WHAT TO DO
Line by line, transcribe the listing below without omission.

═════ EXERCISE DATA

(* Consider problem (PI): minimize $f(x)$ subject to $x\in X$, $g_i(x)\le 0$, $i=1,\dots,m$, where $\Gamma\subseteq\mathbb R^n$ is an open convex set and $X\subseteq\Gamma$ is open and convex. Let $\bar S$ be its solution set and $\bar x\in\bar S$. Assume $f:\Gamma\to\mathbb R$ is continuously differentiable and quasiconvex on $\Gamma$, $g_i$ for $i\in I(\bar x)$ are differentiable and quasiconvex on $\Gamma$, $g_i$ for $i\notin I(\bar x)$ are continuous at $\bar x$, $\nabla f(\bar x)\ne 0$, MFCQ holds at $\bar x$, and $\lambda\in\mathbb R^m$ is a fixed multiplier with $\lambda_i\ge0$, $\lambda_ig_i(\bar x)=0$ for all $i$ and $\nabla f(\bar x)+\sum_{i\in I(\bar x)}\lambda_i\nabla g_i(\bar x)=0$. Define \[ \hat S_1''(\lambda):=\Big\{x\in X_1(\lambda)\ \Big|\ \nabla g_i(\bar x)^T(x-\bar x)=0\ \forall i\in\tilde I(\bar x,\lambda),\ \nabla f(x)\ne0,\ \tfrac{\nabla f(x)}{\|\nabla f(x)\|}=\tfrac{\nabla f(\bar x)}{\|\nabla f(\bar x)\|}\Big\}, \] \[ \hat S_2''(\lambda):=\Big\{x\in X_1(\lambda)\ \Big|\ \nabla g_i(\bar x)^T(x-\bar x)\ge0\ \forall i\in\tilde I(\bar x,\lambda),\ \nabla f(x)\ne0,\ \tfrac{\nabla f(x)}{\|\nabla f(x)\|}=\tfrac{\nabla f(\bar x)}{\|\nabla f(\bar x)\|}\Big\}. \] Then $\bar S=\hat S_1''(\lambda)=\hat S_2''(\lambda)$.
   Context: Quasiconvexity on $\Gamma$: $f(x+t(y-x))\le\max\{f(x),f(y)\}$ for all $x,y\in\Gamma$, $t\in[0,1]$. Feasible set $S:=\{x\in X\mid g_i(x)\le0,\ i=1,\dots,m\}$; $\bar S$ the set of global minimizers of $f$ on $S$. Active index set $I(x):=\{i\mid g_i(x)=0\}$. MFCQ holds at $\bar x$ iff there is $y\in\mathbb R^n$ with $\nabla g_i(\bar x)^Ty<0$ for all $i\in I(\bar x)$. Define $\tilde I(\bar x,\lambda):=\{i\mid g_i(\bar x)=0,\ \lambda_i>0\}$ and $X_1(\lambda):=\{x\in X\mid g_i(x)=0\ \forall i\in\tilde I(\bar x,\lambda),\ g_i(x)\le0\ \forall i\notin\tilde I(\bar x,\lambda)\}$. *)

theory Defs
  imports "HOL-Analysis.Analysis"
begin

══════════

SOLUTION TO THE PROBLEM
(* Consider problem (PI): minimize $f(x)$ subject to $x\in X$, $g_i(x)\le 0$, $i=1,\dots,m$, where $\Gamma\subseteq\mathbb R^n$ is an open convex set and $X\subseteq\Gamma$ is open and convex. Let $\bar S$ be its solution set and $\bar x\in\bar S$. Assume $f:\Gamma\to\mathbb R$ is continuously differentiable and quasiconvex on $\Gamma$, $g_i$ for $i\in I(\bar x)$ are differentiable and quasiconvex on $\Gamma$, $g_i$ for $i\notin I(\bar x)$ are continuous at $\bar x$, $\nabla f(\bar x)\ne 0$, MFCQ holds at $\bar x$, and $\lambda\in\mathbb R^m$ is a fixed multiplier with $\lambda_i\ge0$, $\lambda_ig_i(\bar x)=0$ for all $i$ and $\nabla f(\bar x)+\sum_{i\in I(\bar x)}\lambda_i\nabla g_i(\bar x)=0$. Define \[ \hat S_1''(\lambda):=\Big\{x\in X_1(\lambda)\ \Big|\ \nabla g_i(\bar x)^T(x-\bar x)=0\ \forall i\in\tilde I(\bar x,\lambda),\ \nabla f(x)\ne0,\ \tfrac{\nabla f(x)}{\|\nabla f(x)\|}=\tfrac{\nabla f(\bar x)}{\|\nabla f(\bar x)\|}\Big\}, \] \[ \hat S_2''(\lambda):=\Big\{x\in X_1(\lambda)\ \Big|\ \nabla g_i(\bar x)^T(x-\bar x)\ge0\ \forall i\in\tilde I(\bar x,\lambda),\ \nabla f(x)\ne0,\ \tfrac{\nabla f(x)}{\|\nabla f(x)\|}=\tfrac{\nabla f(\bar x)}{\|\nabla f(\bar x)\|}\Big\}. \] Then $\bar S=\hat S_1''(\lambda)=\hat S_2''(\lambda)$.
   Context: Quasiconvexity on $\Gamma$: $f(x+t(y-x))\le\max\{f(x),f(y)\}$ for all $x,y\in\Gamma$, $t\in[0,1]$. Feasible set $S:=\{x\in X\mid g_i(x)\le0,\ i=1,\dots,m\}$; $\bar S$ the set of global minimizers of $f$ on $S$. Active index set $I(x):=\{i\mid g_i(x)=0\}$. MFCQ holds at $\bar x$ iff there is $y\in\mathbb R^n$ with $\nabla g_i(\bar x)^Ty<0$ for all $i\in I(\bar x)$. Define $\tilde I(\bar x,\lambda):=\{i\mid g_i(\bar x)=0,\ \lambda_i>0\}$ and $X_1(\lambda):=\{x\in X\mid g_i(x)=0\ \forall i\in\tilde I(\bar x,\lambda),\ g_i(x)\le0\ \forall i\notin\tilde I(\bar x,\lambda)\}$. *)

theory Defs
  imports "HOL-Analysis.Analysis"
begin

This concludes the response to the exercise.